Recommendation of how Working with Characters and Strings:

• Start thinking of text strings as arrays of characters, not as arrays of chars or arrays of bytes.

• Use generic data types (such as TCHAR/PTSTR) for text characters and strings.
• Use explicit data types (such as BYTE and PBYTE) for bytes, byte pointers, and data buffers.
• Use the TEXT or _T macro for literal characters and strings, but avoid mixing both for the sake of consistency and for better readability.

• Perform global replaces. (For example, replace PSTR with PTSTR).

• Modify string arithmetic problems. For example, functions usually expect you to pass a buffer's size in characters, not bytes. This means you should pass _countof(szBuffer) instead of sizeof(szBuffer). Also, if you need to allocate a block of memory for a string and you have the number of characters in the string, remember that you allocate memory in bytes. This means that you must call malloc(nCharacters * sizeof(TCHAR)) and not call malloc(nCharacters). Of all the guidelines I've just listed, this is the most difficult one to remember, and the compiler offers no warnings or errors if you make a mistake. This is a good opportunity to define your own macros, such as the following:
• #define chmalloc(nCharacters) (TCHAR*)malloc(nCharacters * sizeof(TCHAR))

• Avoid printf family functions, especially by using %s and %S field types to convert ANSI to Unicode strings and vice versa. Use MultiByteToWideChar and WideCharToMultiByte instead, as shown in "Translating Strings Between Unicode and ANSI" below.

• Always specify both UNICODE and _UNICODE symbols or neither of them.

• In terms of string manipulation functions, here are the basic guidelines that you should follow:
• Always work with safe string manipulation functions such as those suffixed with _s or prefixed with StringCch. Use the latter for explicit truncation handling, but prefer the former otherwise.

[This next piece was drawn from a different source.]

(* Let $\mathcal{C}$ be an additive category, $n\ge1$, and $\mathcal{X}$ a covariantly finite subcategory such that every left $\mathcal{X}$-approximation has a special $n$-cokernel with respect to $\mathcal{X}$; let $\Sigma:\mathcal{C}/\mathcal{X}\to\mathcal{C}/\mathcal{X}$ be the functor described below. Suppose given a commutative diagram in $\mathcal{C}$ $$\begin{array}{ccccccccc} A_0 & \xrightarrow{f_0} & A_1 & \xrightarrow{f_1} & \cdots & \xrightarrow{f_{n-1}} & A_n & \xrightarrow{f_n} & A_{n+1}\\ \downarrow{\scriptstyle h_0} & & \downarrow{\scriptstyle h_1} & & & & \downarrow{\scriptstyle h_n} & & \downarrow{\scriptstyle h_{n+1}}\\ B_0 & \xrightarrow{g_0} & B_1 & \xrightarrow{g_1} & \cdots & \xrightarrow{g_{n-1}} & B_n & \xrightarrow{g_n} & B_{n+1} \end{array}$$ whose rows are right $n$-exact sequences with $f_0$ and $g_0$ $\mathcal{X}$-monic. Let $(-1)^n\underline{a_{n+1}}:A_{n+1}\to\Sigma A_0$ and $(-1)^n\underline{b_{n+1}}:B_{n+1}\to\Sigma B_0$ be the last morphisms of standard right $(n+2)$-angles associated with the two rows (for any choices of comparison morphisms). Then $$(\underline{h_0},\underline{h_1},\dots,\underline{h_{n+1}})$$ is a morphism between the two standard right $(n+2)$-angles $A_0\xrightarrow{\underline{f_0}}A_1\to\cdots\xrightarrow{\underline{f_n}}A_{n+1}\xrightarrow{(-1)^n\underline{a_{n+1}}}\Sigma A_0$ and $B_0\xrightarrow{\underline{g_0}}B_1\to\cdots\xrightarrow{\underline{g_n}}B_{n+1}\xrightarrow{(-1)^n\underline{b_{n+1}}}\Sigma B_0$ in $\mathcal{C}/\mathcal{X}$; in particular $\Sigma\underline{h_0}\cdot\underline{a_{n+1}}=\underline{b_{n+1}}\cdot\underline{h_{n+1}}$.
   Context: Subcategories are full and closed under isomorphisms, direct sums and direct summands. $\mathcal{C}/\mathcal{X}$ is the quotient by morphisms factoring through objects of $\mathcal{X}$; $\underline{f}$ is the class of $f$. $f:A\to B$ is $\mathcal{X}$-monic if every morphism $A\to X$ with $X\in\mathcal{X}$ factors through $f$; a left $\mathcal{X}$-approximation of $A$ is an $\mathcal{X}$-monic $A\to X$ with $X\in\mathcal{X}$; $\mathcal{X}$ is covariantly finite if every object has one. A weak cokernel of $f$ is $g$ with $gf=0$ through which every $h$ with $hf=0$ factors. A sequence $A_0\xrightarrow{f_0}\cdots\xrightarrow{f_n}A_{n+1}$ is right $n$-exact ($(f_1,\dots,f_n)$ is an $n$-cokernel of $f_0$) if $f_k$ is a weak cokernel of $f_{k-1}$ for $1\le k\le n-1$ and $f_n$ is a cokernel of $f_{n-1}$; $f_0$ has a special $n$-cokernel w.r.t. $\mathcal{X}$ if it has an $n$-cokernel whose intermediate objects $X_2,\dots,X_n$ lie in $\mathcal{X}$. The functor $\Sigma$: for each $A\in\mathcal{C}$ fix a right $n$-exact sequence $A\xrightarrow{\alpha_0}X_1\xrightarrow{\alpha_1}\cdots\xrightarrow{\alpha_{n-1}}X_n\xrightarrow{\alpha_n}\Sigma A$ with $\alpha_0$ a left $\mathcal{X}$-approximation and $X_i\in\mathcal{X}$; for $f:A\to A'$ choose a commutative ladder from this sequence to the one of $A'$ starting with $f$ and ending with $g:\Sigma A\to\Sigma A'$, and put $\Sigma\underline f=\underline g$ (this is a well-defined additive functor). Standard right $(n+2)$-angle: given a right $n$-exact sequence $A_0\xrightarrow{f_0}A_1\xrightarrow{f_1}\cdots\xrightarrow{f_n}A_{n+1}$ with $f_0$ $\mathcal{X}$-monic, choose morphisms $a_i$ ($1\le i\le n+1$) forming a commutative ladder from it to the fixed sequence $A_0\xrightarrow{\alpha_0}X_1\to\cdots\to X_n\xrightarrow{\alpha_n}\Sigma A_0$ with $1_{A_0}$ in the first position and $a_{n+1}:A_{n+1}\to\Sigma A_0$ last. The sequence $A_0\xrightarrow{\underline{f_0}}A_1\xrightarrow{\underline{f_1}}\cdots\xrightarrow{\underline{f_n}}A_{n+1}\xrightarrow{(-1)^n\underline{a_{n+1}}}\Sigma A_0$ in $\mathcal{C}/\mathcal{X}$ is a standard right $(n+2)$-angle. *)

theory Defs
  imports Main
begin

• Don't use the unsafe C run-time library string manipulation functions. In a more general way, don't use or implement any buffer manipulation routine that would not take the size of the destination buffer as a parameter. The C run-time library provides a replacement for buffer manipulation functions such as memcpy_s, memmove_s, wmemcpy_s, or wmemmove_s. All these methods are available when the __STDC_WANT_SECURE_LIB__ symbol is defined, which is the case by default in CrtDefs.h. So don't undefine __STDC_WANT_SECURE_LIB__.

• Don't use Kernel32 methods for string manipulation such as lstrcat and lstrcpy.

• There are two kinds of strings that we compare in our code. Programmatic strings are file names, paths, XML elements and attributes, and registry keys/values. For these, use CompareStringOrdinal, as it is very fast and does not take the user's locale into account. This is good because these strings remain the same no matter where your application is running in the world. User strings are typically strings that appear in the user interface. For these, call CompareString(Ex), as it takes the locale into account when comparing strings.

• You don't have a choice: as a professional developer, you can't write code based on unsafe buffer manipulation functions. And this is the reason why all the code in this book relies on these safer functions from the C run-time library.